Visualizing The Total Turnout Per State
Let’s take advantage of pandas
groupby and aggregation capabilities to group all of the marches in both dataframes by states and then sort by the total turnout per state.
sm_ds.groupby('State_Names').agg(['count', 'sum'])['Average'].sort_values('count', ascending=False)[0:15]
count | sum | |
---|---|---|
State_Names | ||
California | 77 | 948661 |
District Of Columbia | 1 | 750000 |
New York | 28 | 502436 |
Illinois | 9 | 262145 |
Massachusetts | 15 | 183596 |
Washington | 33 | 177439 |
Colorado | 25 | 167470 |
Oregon | 25 | 118820 |
Minnesota | 12 | 98410 |
Texas | 20 | 95415 |
Florida | 21 | 93441 |
Wisconsin | 17 | 91098 |
Pennsylvania | 24 | 87018 |
Georgia | 6 | 66185 |
North Carolina | 16 | 61778 |
The states District of Columbia, Illinois, and Georgia stand out because of how
few marches lead to such high turnouts. This is replicated for the Wikipedia dataset as well:
wiki_ds.groupby('State_Names').agg(['count', 'sum'])['Turnout'].sort_values('sum', ascending=False)[0:15]
count | sum | |
---|---|---|
State_Names | ||
California | 62 | 1184930 |
District Of Columbia | 1 | 500000 |
New York | 25 | 452916 |
Illinois | 9 | 260595 |
Washington | 27 | 213893 |
Massachusetts | 10 | 169553 |
Colorado | 16 | 162349 |
Oregon | 24 | 127856 |
Minnesota | 12 | 98274 |
Texas | 20 | 86335 |
Pennsylvania | 17 | 83540 |
Florida | 20 | 78370 |
Georgia | 6 | 62535 |
North Carolina | 11 | 59270 |
Arizona | 6 | 38450 |
Visualizing On A Map
We’ll end this post by visualizing the marches on a map of the U.S. We’ll use the
folium package, which provides a Python API for generating interactive maps (which are rendered in HTML, CSS, and JavaScript). Our blog currently doesn’t support embedded javascript unfortunately, so we’ll include screenshots here instead. To create a map in folium, we first need to import the relevant modules and then create a folium.folium.Map
object:
from folium.plugins import MarkerCluster
from folium import plugins
from folium.plugins import HeatMap
# Map obj
map_clusters = folium.Map()
Then, we extract the latitude and longitude values from a dataframe, convert it to numpy objects, pass those objects into the
MarkerCluster()
constructor, and then use the MarkerCluster.add_to()
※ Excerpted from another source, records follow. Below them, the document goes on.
text \<open>The geometric mean Px^(1-t) Py^t of the eigenfunctions at x and y is a positive
  Neumann subsolution for (1 - t) x + t y with eigenvalue (1 - t) hx + t hy; this is where
  a > 0 enters, through the convexity of lam \<mapsto> s lam^2 for s \<in> [a, b].\<close>
lemma eig_pair_eigenvalue_convex:
  assumes "a < b" "0 < a" "0 < al" and "0 \<le> t" "t \<le> 1"
    and eig_x: "eig_pair a b al r x hx Px" and eig_y: "eig_pair a b al r y hy Py"
    and eig_z: "eig_pair a b al r ((1 - t) * x + t * y) hz Pz"
  shows "hz \<le> (1 - t) * hx + t * hy"
proof -
  obtain Px' where "Px' a = 0" "Px' b = 0"
    and Px: "\<And>s. s \<in> {a<..<b} \<Longrightarrow> (Px has_real_derivative Px' s) (at s)"
    and Px': "\<And>s. s \<in> {a<..<b} \<Longrightarrow> (Px' has_real_derivative (hx - s * x\<^sup>2 - r) / al * Px s) (at s)"
    and Px_cont: "continuous_on {a..b} Px" and Px'_cont: "continuous_on {a..b} Px'"
    and Px_pos: "\<And>s. s \<in> {a..b} \<Longrightarrow> Px s > 0"
    by (rule eig_pair_classical[OF eig_x \<open>a < b\<close> \<open>0 < al\<close>]) blast
  obtain Py' where "Py' a = 0" "Py' b = 0"
    and Py: "\<And>s. s \<in> {a<..<b} \<Longrightarrow> (Py has_real_derivative Py' s) (at s)"
    and Py': "\<And>s. s \<in> {a<..<b} \<Longrightarrow> (Py' has_real_derivative (hy - s * y\<^sup>2 - r) / al * Py s) (at s)"
    and Py_cont: "continuous_on {a..b} Py" and Py'_cont: "continuous_on {a..b} Py'"
    and Py_pos: "\<And>s. s \<in> {a..b} \<Longrightarrow> Py s > 0"
    by (rule eig_pair_classical[OF eig_y \<open>a < b\<close> \<open>0 < al\<close>]) blast
  define Q where "Q s = exp ((1 - t) * ln (Px s) + t * ln (Py s))" for s
  define Q' where "Q' s = Q s * ((1 - t) * (Px' s / Px s) + t * (Py' s / Py s))" for s
  define D where "D s = Px' s / Px s - Py' s / Py s" for s
  define Q'' where "Q'' s = Q s * ((1 - t) * ((hx - s * x\<^sup>2 - r) / al) + t * ((hy - s * y\<^sup>2 - r) / al)
      - t * (1 - t) * (D s)\<^sup>2)" for s
  have Q: "(Q has_real_derivative Q' s) (at s)" and Q': "(Q' has_real_derivative Q'' s) (at s)"
    if s: "s \<in> {a<..<b}" for s
    using geometric_mean_has_derivatives[OF Px_pos Py_pos Px[OF s] Py[OF s] Px'[OF s] Py'[OF s], of t]
      s Px_pos[of s] Py_pos[of s]
    by (simp_all add: Q_def[abs_def] Q'_def[abs_def] Q''_def D_def)
  have Q_cont: "continuous_on {a..b} Q"
    unfolding Q_def
    by (intro continuous_intros Px_cont Py_cont) (use Px_pos Py_pos in force)+
  have Q'_cont: "continuous_on {a..b} Q'"
    unfolding Q'_def
    by (intro continuous_intros Q_cont Px_cont Py_cont Px'_cont Py'_cont)
      (use Px_pos Py_pos in force)+
  show ?thesis
  proof (rule eig_pair_le_of_subsolution[OF eig_z \<open>a < b\<close> \<open>0 < al\<close> Q_cont Q'_cont Q Q'])
    show "Q' a = 0" "Q' b = 0"
      by (simp_all add: Q'_def \<open>Px' a = 0\<close> \<open>Px' b = 0\<close> \<open>Py' a = 0\<close> \<open>Py' b = 0\<close>)
    show "Q s > 0" for s
      by (simp add: Q_def)
    fix s assume s: "s \<in> {a<..<b}"
    have "al * Q'' s + (- ((1 - t) * hx + t * hy) + s * ((1 - t) * x + t * y)\<^sup>2 + r) * Q s
        = - Q s * t * (1 - t) * (s * (x - y)\<^sup>2 + al * (D s)\<^sup>2)"
      using \<open>0 < al\<close> by (simp add: Q''_def field_simps power2_eq_square)
    also have "\<dots> \<le> 0"
      using s \<open>0 < a\<close> \<open>0 < al\<close> \<open>0 \<le> t\<close> \<open>t \<le> 1\<close>
      by (intro mult_nonpos_nonneg add_nonneg_nonneg mult_nonneg_nonneg) (auto simp: Q_def)
    finally show "al * Q'' s + (- ((1 - t) * hx + t * hy) + s * ((1 - t) * x + t * y)\<^sup>2 + r) * Q s \<le> 0" .
  qed
qed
method to link the cluster of markers to the map object we created.
data = sm_ds[['Latitude', 'Longitude']].values
MarkerCluster(data).add_to(map_clusters)
map_clusters
Here’s what the map looks like zoomed in twice, where only clusters of marches are displayed:
As we zoom in more, individual marches are displayed as markers instead of clusters.
If we zoom in one more item and focus just on mainland U.S. (exclude Alaska, Virgin Islands, and Hawaii), we can observe a wonderful distribution of activity.
This map lets us visually understand the spectrum of marches:
We highly recommend generating these interactive maps on your own so you can explore the different marches more effectively.
Next Steps
There’s still a lot more you can explore from a visualization stand point. Here are some ideas for next steps:
- Scale the radius of the clusters and markers on the map by the turnout values (just like in the original Vox visualization).
- Created grouped bar plots that visualize counts from both datasets.
- Create a map that blends data from both datasets.
- Add county level election results data to the maps to augment the marches.
- Recreate the visualizations done on Vox here and here.